Speaking of difference, a few words on the seemingly altered face of Dolores Del Rio (above) as the dancer who has Jolson and Dick Powell mooning over her, but who loves only disinterested Cortez. I know she's beautiful or whatever but her face creeps me out. The sunken skull eyes, tiny bump of a nose, razor cheekbones, etc. She's like death incarnate... at least in this film. When the blunt cops in L.A. CONFIDENTIAL use the vile phrase 'cut' to describe plastic surgery (Kim Basinger plays a girl "cut to look like Veronica Lake"), I think of Del Rio, and vice versa.


In fact, and I hope the photo above bears me out, she's halfway to looking like Allida Valli in Les yeux sans visage (below). And the very fact that Jolson is still clinging to this hoary old Lon Chaney-style masochist cinema, where the ugly deformed performer sacrifices himself (so the plasticine dish can run away with the callow spoon) shows a terminal example of self-directed racism that's an illuminating mirror into the self-hatred of one's own image as 'other' even as one clings to it like a life raft. In a way he'd be ideal as the evil plastic surgeon in visage... slowly reducing his love's face to a featureless taut skin skull... "this time I'll burn all the animal out of her!"

This aspect, apologizing for one's unforgivable ethnicity and imperfections--bad teeth or big nose or wrinkles or thin lips--is mostly gone now. If someone wants surgery they have it, but we're intolerant of all hate crimes, even self-hate crimes... the bleaching and 'cutting' of Michael Jackson being a very public cautionary tale.


And the freak otherness doesn't even begin to end there: as the socialite craving the Gigolo, Kay Francis is at her most eerily caricature-like: that alabaster skin, triangle mouth and round fleshy head make her seem like 1930s Warner Brothers cartoon of herself or some drawing on the cover of a cigar box.
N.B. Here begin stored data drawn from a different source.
theorem char_poly_Q_mat_VM:
  "char_poly (Q_mat_VM (real d / 2) j M) = (\<Prod>k<Suc d. [:- Q_eigenvalue (real d / 2) j k, 1:])"
proof (induction d arbitrary: j M)
  case 0
  have "char_poly (Q_mat_VM 0 j M) = char_poly (Q_mat_VM 0 j 0)"
    using char_poly_Q_mat_VM_indep_M[of 0] by simp
  also have "\<dots> = [:- Q_eigenvalue 0 j 0, 1:]"
    by (rule poly_ext)
      (simp add: poly_char_poly_Q_mat_VM[of 0, simplified] Q_diag_def Q_eigenvalue_def wt_def algebra_simps)
  finally show ?case
    by simp
next
  case (Suc d)
  let ?g = "real (Suc d) / 2"
  show ?case
  proof (rule poly_ext)
    fix x
    have "poly (char_poly (Q_mat_VM ?g j M)) x = poly (char_poly (Q_mat_VM ?g j (?g - 1 - j))) x"
      using char_poly_Q_mat_VM_indep_M by metis
    also have "\<dots> = (x - Q_eigenvalue ?g j 0) * poly (char_poly (Q_mat_VM (real d / 2) (j + 1/2) (?g - j))) x"
      by (rule poly_char_poly_Q_mat_VM_split)
    also have "Q_eigenvalue (real d / 2) (j + 1/2) k = Q_eigenvalue ?g j (Suc k)" for k
      by (simp add: Q_eigenvalue_def wt_def field_simps)
    then have "poly (char_poly (Q_mat_VM (real d / 2) (j + 1/2) (?g - j))) x =
        (\<Prod>k<Suc d. x - Q_eigenvalue ?g j (Suc k))"
      unfolding Suc.IH poly_prod by simp
    also have "(x - Q_eigenvalue ?g j 0) * (\<Prod>k<Suc d. x - Q_eigenvalue ?g j (Suc k)) =
        poly (\<Prod>k<Suc (Suc d). [:- Q_eigenvalue ?g j k, 1:]) x"
      unfolding prod.lessThan_Suc_shift[of _ "Suc d"] by (simp add: poly_prod left_diff_distrib del: prod.lessThan_Suc)
    finally show "poly (char_poly (Q_mat_VM ?g j M)) x = poly (\<Prod>k<Suc (Suc d). [:- Q_eigenvalue ?g j k, 1:]) x" .
  qed
qed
I don't mean that as a jab either (I'm a huge Francis fan), but just trying to corral all the jarring elements of this extraordinarily bizarre art deco cubist face, and the way it seems to signify all the amorphous wrongness floating through the film, the International House anti-matter, the feeling that the foundations of Hollywood personae are crumbling right and left as Breen's brown-shirt inquisitors are kicking down the door.


But it's all okay, all bizarro world substitutes are welcome, because it's still Paris, in every sense of the word, and so there's a tolerance for both aberration and finger-pointing, for both freaks and gawkers, all races and some racists. When we see a pair of men dancing together, Jolson makes a bug-eyed effeminate exclamation of feigned surprise (below), the way he might whistle at an older matron like she's still got it ("Oh you kid!")  Jolson is, above all, a caricature himself, running around from table to table while emceeing and joking, his hands floating in front of him as if he's being lifted on a Nerf ball through the deep end of a pool, he's a freak among freaks. A user review on imdb sums his character up as a cross between Rufus T. Firefly and an early blueprint for Bogart's Rick in CASABLANCA (he owns a club, he fixes everybody's problems, he's hopelessly in love with a woman (del Rio) who's attached to somebody else...) I would add a metatextual furtherance to his comparison--just replace Major Strasser with Joseph Breen and Vichy with his army of toady censors.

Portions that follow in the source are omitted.